theorem mainTheorem2:
  fixes U :: machine
  assumes "optimal_prefix_machine U"
  shows "\<forall>\<gamma>::real. \<gamma> < 1 \<longrightarrow>
           (\<exists>(\<omega>::nat \<Rightarrow> bool) (N::nat). \<forall>i n. N \<le> n \<longrightarrow>
              ereal (\<gamma> * real n) \<le> ereal_of_enat (KM U (map (\<lambda>k. \<omega> (i + k)) [0..<n])))"
proof (intro allI impI)
  fix \<gamma> :: real
  assume "\<gamma> < 1"
  define c where "c = max \<gamma> 0"
  have "0 \<le> c" "c < 1" "\<gamma> \<le> c" using \<open>\<gamma> < 1\<close> by (auto simp: c_def)
  obtain N where avoidable: "\<And>P :: bool list set. (\<And>x. x \<in> P \<Longrightarrow> N \<le> length x) \<Longrightarrow>
       (\<And>k. real (card (layer P k)) \<le> 2 powr (c * k + 1)) \<Longrightarrow>
       \<exists>\<omega>. \<forall>i n. map (\<lambda>k. \<omega> (i + k)) [0..<n] \<notin> P"
    using sparse_factors_avoidable[OF \<open>c < 1\<close>] by blast
  define P where "P = {x. N \<le> length x \<and> ereal_of_enat (KM U x) < ereal (c * real (length x))}"
  have "real (card (layer P k)) \<le> 2 powr (c * k + 1)" for k
  proof -
    have "layer P k \<subseteq> {x. length x = k \<and> ereal_of_enat (KM U x) < ereal (c * k)}"
      by (auto simp: layer_def P_def)
    then have "card (layer P k) \<le> card {x. length x = k \<and> ereal_of_enat (KM U x) < ereal (c * k)}"
      by (intro card_mono finite_subset[OF _ finite_words_of_length[of k]]) auto
    then show ?thesis using card_compressible_words[OF \<open>0 \<le> c\<close>, of k U] by linarith
  qed
  then obtain \<omega> where \<omega>: "\<forall>i n. map (\<lambda>k. \<omega> (i + k)) [0..<n] \<notin> P"
    using avoidable[of P] by (auto simp: P_def)
  have "ereal (\<gamma> * real n) \<le> ereal_of_enat (KM U (map (\<lambda>k. \<omega> (i + k)) [0..<n]))"
    if "N \<le> n" for i n
  proof -
    have "ereal (\<gamma> * real n) \<le> ereal (c * real n)"
      using \<open>\<gamma> \<le> c\<close> by (simp add: mult_right_mono)
    also have "\<dots> \<le> ereal_of_enat (KM U (map (\<lambda>k. \<omega> (i + k)) [0..<n]))"
      using \<omega> that by (auto simp: P_def not_less)
    finally show ?thesis .
  qed
  then show "\<exists>\<omega> N. \<forall>i n. N \<le> n \<longrightarrow>
      ereal (\<gamma> * real n) \<le> ereal_of_enat (KM U (map (\<lambda>k. \<omega> (i + k)) [0..<n]))"
    by blast
qed

end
= = = = = = =
▶ _Required work_:
Output each line of the material above with no deviation.

▶ _Result for this task_:
theorem mainTheorem2:
  fixes U :: machine
  assumes "optimal_prefix_machine U"
  shows "\<forall>\<gamma>::real. \<gamma> < 1 \<longrightarrow>
           (\<exists>(\<omega>::nat \<Rightarrow> bool) (N::nat). \<forall>i n. N \<le> n \<longrightarrow>
              ereal (\<gamma> * real n) \<le> ereal_of_enat (KM U (map (\<lambda>k. \<omega> (i + k)) [0..<n])))"
proof (intro allI impI)
  fix \<gamma> :: real
  assume "\<gamma> < 1"
  define c where "c = max \<gamma> 0"
  have "0 \<le> c" "c < 1" "\<gamma> \<le> c" using \<open>\<gamma> < 1\<close> by (auto simp: c_def)
  obtain N where avoidable: "\<And>P :: bool list set. (\<And>x. x \<in> P \<Longrightarrow> N \<le> length x) \<Longrightarrow>
       (\<And>k. real (card (layer P k)) \<le> 2 powr (c * k + 1)) \<Longrightarrow>
       \<exists>\<omega>. \<forall>i n. map (\<lambda>k. \<omega> (i + k)) [0..<n] \<notin> P"
    using sparse_factors_avoidable[OF \<open>c < 1\<close>] by blast
  define P where "P = {x. N \<le> length x \<and> ereal_of_enat (KM U x) < ereal (c * real (length x))}"
  have "real (card (layer P k)) \<le> 2 powr (c * k + 1)" for k
  proof -
    have "layer P k \<subseteq> {x. length x = k \<and> ereal_of_enat (KM U x) < ereal (c * k)}"
      by (auto simp: layer_def P_def)
    then have "card (layer P k) \<le> card {x. length x = k \<and> ereal_of_enat (KM U x) < ereal (c * k)}"
      by (intro card_mono finite_subset[OF _ finite_words_of_length[of k]]) auto
    then show ?thesis using card_compressible_words[OF \<open>0 \<le> c\<close>, of k U] by linarith
  qed
  then obtain \<omega> where \<omega>: "\<forall>i n. map (\<lambda>k. \<omega> (i + k)) [0..<n] \<notin> P"
    using avoidable[of P] by (auto simp: P_def)
  have "ereal (\<gamma> * real n) \<le> ereal_of_enat (KM U (map (\<lambda>k. \<omega> (i + k)) [0..<n]))"
    if "N \<le> n" for i n
  proof -
    have "ereal (\<gamma> * real n) \<le> ereal (c * real n)"
      using \<open>\<gamma> \<le> c\<close> by (simp add: mult_right_mono)
    also have "\<dots> \<le> ereal_of_enat (KM U (map (\<lambda>k. \<omega> (i + k)) [0..<n]))"
      using \<omega> that by (auto simp: P_def not_less)
    finally show ?thesis .
  qed
  then show "\<exists>\<omega> N. \<forall>i n. N \<le> n \<longrightarrow>
      ereal (\<gamma> * real n) \<le> ereal_of_enat (KM U (map (\<lambda>k. \<omega> (i + k)) [0..<n]))"
    by blast
qed

end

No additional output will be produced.